### DIRECTIONS FOR THIS TASK
Give again, word for word, each line below starting at the one that contains "closed_segment u v \<inter> closed_segment" and ending at the one that contains "finite (V \<inter>".

Dataset entries

==*==

(* Let $\mathcal{G}_D$ be a bipartite planar graph with an isoradial embedding, let $(f_v(z))_v$ be a special discrete analytic function, and let $\mu$ be a measure on the plane such that the integrals $\int f_b(z)\,d\mu(z)$ are defined (absolutely convergent). Then $F(b)=\int f_b(z)\,d\mu(z)$, $b$ black, is a discrete analytic function, i.e. $\sum_{b\in B}\bar\partial(w,b)F(b)=0$ for every white vertex $w$.
   Context: An isoradial embedding of a planar graph is an embedding in which every face is inscribed in a circle of radius $1$ whose center lies in the closure of the face; the dual is embedded at the circumcenters. For each edge $e$ the rhombus $R(e)$ of side $1$ has as vertices the endpoints of $e$ and of its dual edge; rhombus edges join a vertex of $\mathcal{G}_D$ to a dual vertex. Vertices of $\mathcal{G}_D$ are black ($B$) or white. $\bar\partial$ is the symmetric matrix, zero on non-adjacent pairs, with $\bar\partial(w,b)=\bar\partial(b,w)=i(x-y)$ when $R(wb)$ has vertices $w,x,b,y$ in counterclockwise order (as complex numbers). A special discrete analytic function is a family of functions $f_v(z)$, indexed by the rhombus vertices $v$, such that for each rhombus edge from $v$ to $v'$ with $\mathcal{G}_D$-endpoint $u$, letting $e^{i\alpha}$ be the unit vector along the edge oriented away from $u$ if $u$ is white and towards $u$ if $u$ is black: $f_{v'}=f_v/(z-e^{i\alpha})$ if traversal from $v$ to $v'$ is in the direction of $e^{i\alpha}$, and $f_{v'}=f_v\cdot(z-e^{i\alpha})$ otherwise. *)

theory Defs
  imports "HOL-Analysis.Analysis"
begin

text \<open>Straight-line embedded graphs in the plane.  Vertices of the graph G_D are
  identified with their positions in the complex plane (an embedding is injective);
  the edge relation E is symmetric.\<close>

definition drawing :: "complex set \<Rightarrow> (complex \<Rightarrow> complex \<Rightarrow> bool) \<Rightarrow> complex set" where
  "drawing V E = V \<union> \<Union>{closed_segment u v | u v. E u v}"

definition plane_graph :: "complex set \<Rightarrow> (complex \<Rightarrow> complex \<Rightarrow> bool) \<Rightarrow> bool" where
  "plane_graph V E \<longleftrightarrow>
     (\<forall>u v. E u v \<longrightarrow> u \<in> V \<and> v \<in> V \<and> u \<noteq> v \<and> E v u) \<and>
     (\<forall>u v u' v'. E u v \<longrightarrow> E u' v' \<longrightarrow> {u, v} \<noteq> {u', v'} \<longrightarrow>
         closed_segment u v \<inter> closed_segment u' v' \<subseteq> {u, v} \<inter> {u', v'}) \<and>
     (\<forall>u v w. E u v \<longrightarrow> w \<in> V \<longrightarrow> w \<in> closed_segment u v \<longrightarrow> w = u \<or> w = v) \<and>
     (\<forall>K. compact K \<longrightarrow>
         finite (V \<inter> K) \<and> finite {(u, v). E u v \<and> closed_segment u v \<inter> K \<noteq> {}})"

definition faces :: "complex set \<Rightarrow> (complex \<Rightarrow> complex \<Rightarrow> bool) \<Rightarrow> complex set set" where
  "faces V E = components (- drawing V E)"

definition inscribed_center :: "complex set \<Rightarrow> complex set \<Rightarrow> complex \<Rightarrow> bool" where
  "inscribed_center V F c \<longleftrightarrow>
     c \<in> closure F \<and> F \<subseteq> cball c 1 \<and> (\<forall>v \<in> V \<inter> frontier F. cmod (v - c) = 1)"

definition isoradial :: "complex set \<Rightarrow> (complex \<Rightarrow> complex \<Rightarrow> bool) \<Rightarrow> bool" where
  "isoradial V E \<longleftrightarrow> plane_graph V E \<and> (\<forall>F \<in> faces V E. \<exists>c. inscribed_center V F c)"

definition circumcenter :: "complex set \<Rightarrow> complex set \<Rightarrow> complex" where
  "circumcenter V F = (SOME c. inscribed_center V F c)"

definition right_face :: "complex set \<Rightarrow> (complex \<Rightarrow> complex \<Rightarrow> bool) \<Rightarrow> complex \<Rightarrow> complex \<Rightarrow> complex set" where
  "right_face V E u v = (THE F. F \<in> faces V E \<and>
      (\<forall>\<^sub>F t in at_right (0::real). (u + v) / 2 - of_real t * \<i> * (v - u) \<in> F))"

definition left_face :: "complex set \<Rightarrow> (complex \<Rightarrow> complex \<Rightarrow> bool) \<Rightarrow> complex \<Rightarrow> complex \<Rightarrow> complex set" where
  "left_face V E u v = (THE F. F \<in> faces V E \<and>
      (\<forall>\<^sub>F t in at_right (0::real). (u + v) / 2 + of_real t * \<i> * (v - u) \<in> F))"
lemma sum_sq_le_distR_Uiso:
  assumes "finite R" and "0 \<in> R" and "b \<in> R" and "b \<noteq> 0"
  shows "(\<Sum>h\<in>R. (v h $ 1 - v 0 $ 1 - of_int h / of_int b * (v b $ 1 - v 0 $ 1))\<^sup>2 + (v h $ 2 - v 0 $ 2)\<^sup>2)
    \<le> (\<Sum>h\<in>R. 3 * (1 + (1 - of_int h / of_int b)\<^sup>2 + (of_int h / of_int b)\<^sup>2) + 4) * (distR R v (Uiso R))\<^sup>2"
proof (rule le_distR_sq)
  show "Uiso R \<noteq> {}"
    using mem_Uiso_iff[of "\<lambda>h. vector [0 + 0 * of_int h, 0]" R] by blast
  show "0 < (\<Sum>h\<in>R. 3 * (1 + (1 - of_int h / of_int b)\<^sup>2 + (of_int h / of_int b)\<^sup>2) + 4 :: real)"
    using assms(1,2) by (intro sum_pos2[of _ 0]) (auto intro: add_pos_nonneg)
  fix w assume "w \<in> Uiso R"
  then obtain \<alpha> \<beta> \<gamma> where w: "\<forall>h\<in>R. w h = vector [\<alpha> + \<beta> * of_int h, \<gamma>]"
    by (auto simp: mem_Uiso_iff)
  show "(\<Sum>h\<in>R. (v h $ 1 - v 0 $ 1 - of_int h / of_int b * (v b $ 1 - v 0 $ 1))\<^sup>2 + (v h $ 2 - v 0 $ 2)\<^sup>2)
      \<le> (\<Sum>h\<in>R. 3 * (1 + (1 - of_int h / of_int b)\<^sup>2 + (of_int h / of_int b)\<^sup>2) + 4)
        * (\<Sum>h\<in>R. (norm (v h - w h))\<^sup>2)"
    unfolding sum_distrib_right
    using diff_sq_le_rigid_residual[OF w assms(1) _ assms(2-4)] by (rule sum_mono)
qed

==*==

### ANSWER BOX
         closed_segment u v \<inter> closed_segment u' v' \<subseteq> {u, v} \<inter> {u', v'}) \<and>
     (\<forall>u v w. E u v \<longrightarrow> w \<in> V \<longrightarrow> w \<in> closed_segment u v \<longrightarrow> w = u \<or> w = v) \<and>
     (\<forall>K. compact K \<longrightarrow>
         finite (V \<inter> K) \<and> finite {(u, v). E u v \<and> closed_segment u v \<inter> K \<noteq> {}})"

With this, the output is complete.